Design and subjects: Forty-one women in established labor were randomized to receive either (a) 0.0625% bupivacaine with 2 micrograms/ml fentanyl via PCEA (demand dose = 3 ml, lockout interval = 6 min, background infusion = 6 ml/h, no 1 or 4 h limits) or (b) 0.125% bupivacaine with 2 micrograms/ml fentanyl via continuous epidural infusion (CEI) at 12 ml/h. Supplemental 0.25% bupivacaine (3 ml every 5 min, p.r.n., x 3) was administered for treatment of breakthrough pain upon patient request. The study protocol was double-blind and placebo-controlled.
Outcome measures: Visual analogue pain scores, motor strength, pinprick level of sensory analgesia and bupivacaine use were assessed by an anesthesiologist unaware of the individual patient's randomization to a particular study group.

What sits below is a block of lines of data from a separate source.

(* Let $(X,* )$ be an associative shelf, let $C_n=\mathbb{Z}X^{n+1}$ for $n\ge 0$ (and $C_n=0$ for $n<0$), and let $d_i:C_n\to C_{n-1}$, $0\le i\le n$, be given on basis elements by $$d_i(x_0,\dots,x_n)=\begin{cases}(x_0*x_1,x_2,\dots,x_{n-1},x_n*x_0) & i=0,\\ (x_n*x_0,x_1,\dots,x_{n-2},x_{n-1}*x_n) & i=n,\\ (x_0,\dots,x_{i-2},x_{i-1}*x_i,x_i*x_{i+1},x_{i+2},\dots,x_n) & 0<i<n\end{cases}$$ (for $n=1$: $d_0(x_0,x_1)=x_0*x_1*x_0$, $d_1(x_0,x_1)=x_1*x_0*x_1$). Define $\partial_n=\sum_{i=0}^n(-1)^i d_i:C_n\to C_{n-1}$. Then $(C_n,\partial_n)$ is a chain complex, i.e. $\partial_n\circ\partial_{n+1}=0$ for all $n$.
   Context: A shelf is a set $X$ with a binary operation $*$ satisfying $(a*b)*c=(a*c)*(b*c)$ for all $a,b,c\in X$; an associative shelf is a shelf whose operation is associative. *)

theory Defs
  imports "HOL-Library.Poly_Mapping"
begin

definition shelf :: "('a \<Rightarrow> 'a \<Rightarrow> 'a) \<Rightarrow> bool" where
  "shelf f \<longleftrightarrow> (\<forall>a b c. f (f a b) c = f (f a c) (f b c))"

definition assoc_shelf :: "('a \<Rightarrow> 'a \<Rightarrow> 'a) \<Rightarrow> bool" where
  "assoc_shelf f \<longleftrightarrow> shelf f \<and> (\<forall>a b c. f (f a b) c = f a (f b c))"

text \<open>Basis elements of C_n are tuples (x_0,...,x_n), i.e. lists of length n+1.
  Face map d_i on a tuple of length n+1 (n = length xs - 1).\<close>
definition face :: "('a \<Rightarrow> 'a \<Rightarrow> 'a) \<Rightarrow> nat \<Rightarrow> 'a list \<Rightarrow> 'a list" where
  "face f i xs = (let n = length xs - 1 in
     if n = 1 then
       (if i = 0 then [f (f (xs!0) (xs!1)) (xs!0)] else [f (f (xs!1) (xs!0)) (xs!1)])
     else if i = 0 then
       f (xs!0) (xs!1) # drop 2 (take n xs) @ [f (xs!n) (xs!0)]
     else if i = n then
       f (xs!n) (xs!0) # take (n - 2) (drop 1 xs) @ [f (xs!(n-1)) (xs!n)]
     else
       take (i - 1) xs @ [f (xs!(i-1)) (xs!i), f (xs!i) (xs!(i+1))] @ drop (i + 2) xs)"

definition chains :: "nat \<Rightarrow> ('a list \<Rightarrow>\<^sub>0 int) set" where
  "chains n = {c. \<forall>xs\<in>Poly_Mapping.keys c. length xs = Suc n}"

text \<open>Boundary on a basis element: \<partial>_n = \<Sum>_{i=0}^n (-1)^i d_i, and \<partial>_0 = 0 (C_{-1} = 0).\<close>
definition bd_basis :: "('a \<Rightarrow> 'a \<Rightarrow> 'a) \<Rightarrow> 'a list \<Rightarrow> ('a list \<Rightarrow>\<^sub>0 int)" where
  "bd_basis f xs = (if length xs \<le> 1 then 0
     else (\<Sum>i\<in>{0..length xs - 1}. Poly_Mapping.single (face f i xs) ((-1) ^ i)))"

definition bd :: "('a \<Rightarrow> 'a \<Rightarrow> 'a) \<Rightarrow> ('a list \<Rightarrow>\<^sub>0 int) \<Rightarrow> ('a list \<Rightarrow>\<^sub>0 int)" where
  "bd f c = (\<Sum>xs\<in>Poly_Mapping.keys c. Poly_Mapping.map (\<lambda>k. Poly_Mapping.lookup c xs * k) (bd_basis f xs))"

end

theory Submission
  imports Defs
begin

text \<open>The face maps satisfy the semi-simplicial identities \<open>d\<^sub>j \<circ> d\<^sub>i\<^sub>+\<^sub>1 = d\<^sub>i \<circ> d\<^sub>j\<close>
  for \<open>j \<le> i\<close>. On tuples of length at least four this is checked entry by entry, using
  associativity and the consequence \<open>x y y z = x y z\<close> of the shelf law; on triples the outer
  faces are given by the special formula for \<open>n = 1\<close> and the three identities are computed
  directly. As for any semi-simplicial object, the terms of \<open>\<partial> \<circ> \<partial>\<close> then cancel in pairs
  \<open>(i + 1, j) \<leftrightarrow> (j, i)\<close>.\<close>

lemma assoc_shelf_assoc: "assoc_shelf f \<Longrightarrow> f (f a b) c = f a (f b c)"
  by (simp add: assoc_shelf_def)

lemma assoc_shelf_absorb_repeat:
  assumes "assoc_shelf f"
  shows "f x (f y (f y z)) = f x (f y z)"
proof -
  have assoc: "f (f a b) c = f a (f b c)" for a b c
    using assms by (rule assoc_shelf_assoc)
  have shelf: "f a (f b c) = f a (f c (f b c))" for a b c
    using assms unfolding assoc_shelf_def shelf_def by metis
  txt \<open>Writing products as words, the shelf law is \<open>a b c = a c b c\<close>, and
    \<open>x y y z = x y z y z = x y z z y z = x z y z = x y z\<close>.\<close>
  have "f x (f y (f y z)) = f x (f y (f z (f y z)))"
    using shelf[of "f x y" y z] by (simp add: assoc)
  also have "\<dots> = f x (f y (f z (f z (f y z))))"
    using shelf[of "f x y" "f z y" z] by (simp add: assoc)
  also have "\<dots> = f x (f z (f y z))"
    using shelf[of x z "f y z"] by (simp add: assoc)
  also have "\<dots> = f x (f y z)"
    using shelf[of x y z] by simp
  finally show ?thesis .
qed

lemma length_face:
  assumes "length xs = Suc m" "2 \<le> m" "i \<le> m"
  shows "length (face f i xs) = m"
  using assms by (auto simp: face_def Let_def)

lemma nth_face_first:
  assumes "length xs = Suc (Suc (Suc q))" "k < Suc (Suc q)"
  shows "face f 0 xs ! k =
    (if k = 0 then f (xs!0) (xs!1) else if k = Suc q then f (xs!Suc (Suc q)) (xs!0) else xs!Suc k)"
  using assms by (auto simp: face_def nth_append nth_Cons split: nat.split)

lemma nth_face_last:
  assumes "length xs = Suc (Suc (Suc q))" "k < Suc (Suc q)"
  shows "face f (Suc (Suc q)) xs ! k =
    (if k = 0 then f (xs!Suc (Suc q)) (xs!0) else if k = Suc q then f (xs!Suc q) (xs!Suc (Suc q))
     else xs!k)"
  using assms by (auto simp: face_def nth_append nth_Cons split: nat.split)

lemma nth_face_inner:
  assumes "length xs = Suc (Suc (Suc q))" "k < Suc (Suc q)" "i < Suc q"
  shows "face f (Suc i) xs ! k =
    (if k < i then xs!k else if k = i then f (xs!i) (xs!Suc i)
     else if k = Suc i then f (xs!Suc i) (xs!Suc (Suc i)) else xs!Suc k)"
  using assms by (auto simp: face_def nth_append nth_Cons split: nat.split
      intro!: arg_cong[where f="(!) xs"])

lemma face_face_triple:
  assumes "assoc_shelf f" "j \<le> i" "i < 2"
  shows "face f j (face f (Suc i) [a, b, c]) = face f i (face f j [a, b, c])"
proof -
  have "i = 0 \<and> j = 0 \<or> i = 1 \<and> j = 0 \<or> i = 1 \<and> j = 1"
    using assms by auto
  then show ?thesis
    by (elim disjE conjE) (simp_all add: face_def
        assoc_shelf_assoc[OF assms(1)] assoc_shelf_absorb_repeat[OF assms(1)])
qed

lemma face_face_long:
  assumes shelf: "assoc_shelf f" and len: "length xs = Suc (Suc (Suc (Suc p)))"
    and "j \<le> i" "i < Suc (Suc (Suc p))"
  shows "face f j (face f (Suc i) xs) = face f i (face f j xs)"
proof (rule nth_equalityI)
  have len_i: "length (face f (Suc i) xs) = Suc (Suc (Suc p))"
    and len_j: "length (face f j xs) = Suc (Suc (Suc p))"
    using assms by (simp_all add: length_face)
  then show "length (face f j (face f (Suc i) xs)) = length (face f i (face f j xs))"
    using assms by (simp add: length_face)
  fix k assume "k < length (face f j (face f (Suc i) xs))"
  then have k: "k < Suc (Suc p)"
    using assms len_i by (simp add: length_face)
  note laws = assoc_shelf_assoc[OF shelf] assoc_shelf_absorb_repeat[OF shelf]
    and nths = nth_face_first nth_face_last nth_face_inner
  consider "i = Suc (Suc p)" "j = 0"
    | "i = Suc (Suc p)" "j = Suc (Suc p)"
    | j' where "i = Suc (Suc p)" "j = Suc j'" "j' < Suc p"
    | "i = 0" "j = 0"
    | i' where "i = Suc i'" "i' < Suc p" "j = 0"
    | i' j' where "i = Suc i'" "i' < Suc p" "j = Suc j'" "j' \<le> i'"
    using assms by (cases i; cases j; force)
  then show "face f j (face f (Suc i) xs) ! k = face f i (face f j xs) ! k"
    by cases (use len len_i len_j k in \<open>simp_all add: nths laws\<close>)
qed

lemma face_face:
  assumes "assoc_shelf f" "length xs = Suc m" "2 \<le> m" "j \<le> i" "i < m"
  shows "face f j (face f (Suc i) xs) = face f i (face f j xs)"
proof (cases "m = 2")
  case True
  then obtain a b c where "xs = [a, b, c]"
    using assms(2) by (auto simp: numeral_2_eq_2 length_Suc_conv)
  then show ?thesis
    using face_face_triple[OF assms(1,4)] assms(5) True by simp
next
  case False
  then have "m = Suc (Suc (Suc (m - 3)))"
    using assms(3) by simp
  then show ?thesis
    using face_face_long[OF assms(1), of xs "m - 3"] assms(2,4,5) by simp
qed

lemma sum_antisymmetric_pairs_eq_0:
  fixes G :: "nat \<times> nat \<Rightarrow> 'b::ab_group_add"
  assumes "\<And>i j. j \<le> i \<Longrightarrow> i < m \<Longrightarrow> G (j, i) = - G (Suc i, j)"
  shows "(\<Sum>p\<in>{..m} \<times> {..<m}. G p) = 0"
proof -
  define A where "A = {(i, j). j < i \<and> i \<le> m}"
  define B where "B = {(i, j). i \<le> j \<and> j < m}"
  have fin: "finite A" "finite B"
    by (rule finite_subset[of _ "{..m} \<times> {..m}"], auto simp: A_def B_def)+
  have "sum G B = (\<Sum>(i, j)\<in>B. - G (Suc j, i))"
    by (rule sum.cong) (auto simp: B_def assms)
  also have "\<dots> = - (\<Sum>(i, j)\<in>B. G (Suc j, i))"
    by (simp add: sum_negf case_prod_unfold)
  also have "(\<Sum>(i, j)\<in>B. G (Suc j, i)) = sum G A"
    by (rule sum.reindex_bij_witness[of _ "\<lambda>(i, j). (j, i - 1)" "\<lambda>(i, j). (Suc j, i)"])
      (auto simp: A_def B_def)
  finally have "sum G B = - sum G A" .
  moreover have "{..m} \<times> {..<m} = A \<union> B" "A \<inter> B = {}"
    by (auto simp: A_def B_def)
  ultimately show ?thesis
    using fin by (simp add: sum.union_disjoint)
qed

lemma alternating_face_sum_eq_0:
  fixes d :: "nat \<Rightarrow> 'a \<Rightarrow> 'a"
  assumes "\<And>i j. j \<le> i \<Longrightarrow> i < m \<Longrightarrow> d j (d (Suc i) x) = d i (d j x)"
  shows "(\<Sum>i\<le>m. \<Sum>j<m. frag_cmul ((-1) ^ (i + j)) (frag_of (d j (d i x)))) = 0"
proof -
  have "(\<Sum>i\<le>m. \<Sum>j<m. frag_cmul ((-1) ^ (i + j)) (frag_of (d j (d i x))))
      = (\<Sum>(i, j)\<in>{..m} \<times> {..<m}. frag_cmul ((-1) ^ (i + j)) (frag_of (d j (d i x))))"
    by (rule sum.cartesian_product)
  also have "\<dots> = 0"
    by (rule sum_antisymmetric_pairs_eq_0) (simp add: assms add.commute)
  finally show ?thesis .
qed

lemma bd_eq_frag_extend: "bd f c = frag_extend (bd_basis f) c"
  unfolding bd_def frag_extend_def
  by (rule sum.cong) (auto intro: poly_mapping_eqI simp: Poly_Mapping.map.rep_eq when_def)

lemma bd_basis_eq:
  assumes "length xs = Suc (Suc n)"
  shows "bd_basis f xs = (\<Sum>i\<le>Suc n. frag_cmul ((-1) ^ i) (frag_of (face f i xs)))"
proof -
  have "frag_cmul c (frag_of ys) = Poly_Mapping.single ys c" for c and ys :: "'a list"
    by (rule poly_mapping_eqI) (simp add: lookup_single when_def)
  then show ?thesis
    using assms by (simp add: bd_basis_def atLeast0AtMost)
qed

lemma bd_basis_bd_basis:
  assumes "assoc_shelf f" "length xs = Suc (Suc n)"
  shows "frag_extend (bd_basis f) (bd_basis f xs) = 0"
proof -
  have "frag_extend (bd_basis f) (bd_basis f xs)
      = (\<Sum>i\<le>Suc n. frag_cmul ((-1) ^ i) (bd_basis f (face f i xs)))"
    by (simp add: bd_basis_eq[OF assms(2)] frag_extend_sum frag_extend_cmul del: sum.atMost_Suc)
  also have "\<dots> = 0"
  proof (cases n)
    case 0
    then have "bd_basis f (face f i xs) = 0" for i
      using assms(2) by (simp add: bd_basis_def face_def)
    then show ?thesis
      by simp
  next
    case (Suc n')
    have "bd_basis f (face f i xs)
        = (\<Sum>j<Suc n. frag_cmul ((-1) ^ j) (frag_of (face f j (face f i xs))))" if "i \<le> Suc n" for i
      using assms(2) that Suc
      by (simp add: bd_basis_eq length_face lessThan_Suc_atMost del: sum.atMost_Suc)
    then have "(\<Sum>i\<le>Suc n. frag_cmul ((-1) ^ i) (bd_basis f (face f i xs)))
        = (\<Sum>i\<le>Suc n. \<Sum>j<Suc n. frag_cmul ((-1) ^ (i + j)) (frag_of (face f j (face f i xs))))"
      by (intro sum.cong) (simp_all add: frag_cmul_sum power_add del: sum.lessThan_Suc)
    also have "\<dots> = 0"
      using Suc assms by (intro alternating_face_sum_eq_0 face_face) auto
    finally show ?thesis .
  qed
  finally show ?thesis .
qed

theorem theorem1p4:
  fixes f :: "'a \<Rightarrow> 'a \<Rightarrow> 'a"
  assumes "assoc_shelf f"
  shows "\<forall>n. \<forall>c\<in>chains (Suc n). bd f (bd f c) = 0"
proof (intro allI ballI)
  fix n and c :: "'a list \<Rightarrow>\<^sub>0 int"
  assume "c \<in> chains (Suc n)"
  then have "Poly_Mapping.keys c \<subseteq> {xs. length xs = Suc (Suc n)}"
    by (auto simp: chains_def)
  then have "frag_extend (bd_basis f) (frag_extend (bd_basis f) c) = 0"
    by (induction c rule: frag_induction)
      (simp_all add: bd_basis_bd_basis[OF assms] frag_extend_diff)
  then show "bd f (bd f c) = 0"
    by (simp add: bd_eq_frag_extend)
qed

end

Results: The cephalad extent of pinprick sensory analgesia was significantly lower during both the first (p < 0.03) and second (p < 0.03) stages of labor in patients receiving PCEA. However, visual analogue pain scores, intensity of motor blockade, and need for physician-administered supplemental bupivacaine were comparable in both groups. Patients receiving PCEA used 40% less bupivacaine per hour while achieving analgesia comparable to patients receiving CEI.
Conclusions: The results of this study show that 0.0625% bupivacaine with 2 micrograms/ml of fentanyl is an effective analgesic combination when used via PCEA.